The data>
lemma cdual_series:
  assumes F: "\<And>i. F i \<in> cdual X T"
    and bound: "\<And>i x. x \<in> X \<Longrightarrow> cmod (c i * F i x) \<le> (1/3)^i * \<nu> k x"
  shows "(\<lambda>x. \<Sum>i. c i * F i x) \<in> cdual X T"
proof -
  have F_lin: "clinear_on X (F i)" for i using F cdual_iff by blast
  have geom: "summable (\<lambda>i. (1/3::real)^i * \<nu> k x)" for x
    by (rule summable_mult2[OF summable_one_third_powers])
  have norm_summable: "summable (\<lambda>i. cmod (c i * F i x))" if "x \<in> X" for x
    by (rule summable_comparison_test'[OF geom]) (use bound[OF that] in simp)
  have summable: "summable (\<lambda>i. c i * F i x)" if "x \<in> X" for x
    by (rule summable_norm_cancel[OF norm_summable[OF that]])
  show ?thesis
  proof (rule cdualI)
    show "clinear_on X (\<lambda>x. \<Sum>i. c i * F i x)"
      unfolding clinear_on_def
    proof (intro conjI ballI allI)
      fix x y assume xy: "x \<in> X" "y \<in> X"
      have "(\<Sum>i. c i * F i (x + y)) = (\<Sum>i. c i * F i x + c i * F i y)"
        using clinear_on_add[OF F_lin xy] by (simp add: distrib_left)
      also have "\<dots> = (\<Sum>i. c i * F i x) + (\<Sum>i. c i * F i y)"
        by (rule suminf_add[symmetric, OF summable summable]) (use xy in auto)
      finally show "(\<Sum>i. c i * F i (x + y)) = (\<Sum>i. c i * F i x) + (\<Sum>i. c i * F i y)" .
    next
      fix e x assume x: "x \<in> X"
      have "(\<Sum>i. c i * F i (seq_scale e x)) = (\<Sum>i. e * (c i * F i x))"
        using clinear_on_scale[OF F_lin x] by (simp add: algebra_simps)
      also have "\<dots> = e * (\<Sum>i. c i * F i x)" by (rule suminf_mult[OF summable[OF x]])
      finally show "(\<Sum>i. c i * F i (seq_scale e x)) = e * (\<Sum>i. c i * F i x)" .
    qed
    fix x assume x: "x \<in> X"
    have "cmod (\<Sum>i. c i * F i x) \<le> (\<Sum>i. cmod (c i * F i x))"
      by (rule summable_norm[OF norm_summable[OF x]])
    also have "\<dots> \<le> (\<Sum>i. (1/3)^i * \<nu> k x)"
      by (rule suminf_le[OF bound[OF x] norm_summable[OF x] geom])
    also have "\<dots> = 3/2 * \<nu> k x"
      using suminf_mult2[OF summable_one_third_powers, of "\<nu> k x"] suminf_one_third_powers by simp
    finally show "cmod (\<Sum>i. c i * F i x) \<le> 3/2 * \<nu> k x" .
  qed
qed

lemma gliding_hump:
  assumes a: "\<And>j. a j \<in> X"
    and F: "\<And>j. F j \<in> cdual X T" "\<And>j x. x \<in> X \<Longrightarrow> cmod (F j x) \<le> \<nu> k x"
      "\<And>j. F j (a j) = \<nu> k (a j)"
  shows "\<exists>f\<in>cdual X T. \<forall>j. (1/3)^j * \<nu> k (a j) / 2 \<le> cmod (f (a j))"
proof -
  define c where "c = hump_coeff F a"
  have c_bound: "cmod (c i * F i x) \<le> (1/3)^i * \<nu> k x" if "x \<in> X" for i x
    using F(2)[OF that, of i] by (simp add: c_def norm_mult norm_hump_coeff)
  define f where "f x = (\<Sum>i. c i * F i x)" for x
  have "(1/3)^j * \<nu> k (a j) / 2 \<le> cmod (f (a j))" for j
  proof -
    define g where "g i = c i * F i (a j)" for i
    have g_norm: "cmod (g i) \<le> (1/3)^i * \<nu> k (a j)" for i
      using c_bound[OF a] by (simp add: g_def)
    have norm_summable: "summable (\<lambda>i. cmod (g i))"
      by (rule summable_comparison_test'[OF summable_mult2[OF summable_one_third_powers]])
        (use g_norm in simp)
    define s where "s = (\<Sum>i<j. g i)"
    have head_eq: "(\<Sum>i<Suc j. g i) = s + phase s * complex_of_real ((1/3)^j * \<nu> k (a j))"
      using hump_coeff.simps[of F a j] F(3)[of j]
      by (simp add: s_def g_def c_def mult_ac)
    have head: "(1/3)^j * \<nu> k (a j) \<le> cmod (\<Sum>i<Suc j. g i)"
      unfolding head_eq by (rule norm_add_phase_ge) (simp add: nu_nonneg[OF a])
    have "cmod (\<Sum>i. g (i + Suc j)) \<le> (\<Sum>i. cmod (g (i + Suc j)))"
      using summable_ignore_initial_segment[OF norm_summable] by (rule summable_norm)
    also have "\<dots> \<le> (\<Sum>i. (1/3)^(i + Suc j) * \<nu> k (a j))"
      using summable_ignore_initial_segment[OF norm_summable]
        summable_ignore_initial_segment[OF summable_mult2[OF summable_one_third_powers]]
      by (rule suminf_le[OF g_norm])
    also have "\<dots> = (\<Sum>i. (1/3::real)^i) * ((1/3)^Suc j * \<nu> k (a j))"
      by (subst suminf_mult2[OF summable_one_third_powers]) (simp add: power_add mult.assoc)
    also have "\<dots> = (1/3)^j * \<nu> k (a j) / 2" by (simp add: suminf_one_third_powers)
    finally have tail: "cmod (\<Sum>i. g (i + Suc j)) \<le> (1/3)^j * \<nu> k (a j) / 2" .
    have "f (a j) = (\<Sum>i. g (i + Suc j)) + (\<Sum>i<Suc j. g i)"
      unfolding f_def g_def[symmetric]
      by (rule suminf_split_initial_segment[OF summable_norm_cancel[OF norm_summable]])
    then have "cmod (\<Sum>i<Suc j. g i) - cmod (\<Sum>i. g (i + Suc j)) \<le> cmod (f (a j))"
      by (metis add.commute norm_diff_ineq)
    then show ?thesis using head tail by linarith
  qed
  moreover have "f \<in> cdual X T" unfolding f_def by (rule cdual_series[OF F(1) c_bound])
  ultimately show ?thesis by blast
qed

Work order> Please copy the lines in the records above between the one holding "x)) = (\<Sum>i." and the one holding "by (rule summable_norm[OF", inclusive, exactly and with no other line.

Your solution>
      have "(\<Sum>i. c i * F i (seq_scale e x)) = (\<Sum>i. e * (c i * F i x))"
        using clinear_on_scale[OF F_lin x] by (simp add: algebra_simps)
      also have "\<dots> = e * (\<Sum>i. c i * F i x)" by (rule suminf_mult[OF summable[OF x]])
      finally show "(\<Sum>i. c i * F i (seq_scale e x)) = e * (\<Sum>i. c i * F i x)" .
    qed
    fix x assume x: "x \<in> X"
    have "cmod (\<Sum>i. c i * F i x) \<le> (\<Sum>i. cmod (c i * F i x))"
      by (rule summable_norm[OF norm_summable[OF x]])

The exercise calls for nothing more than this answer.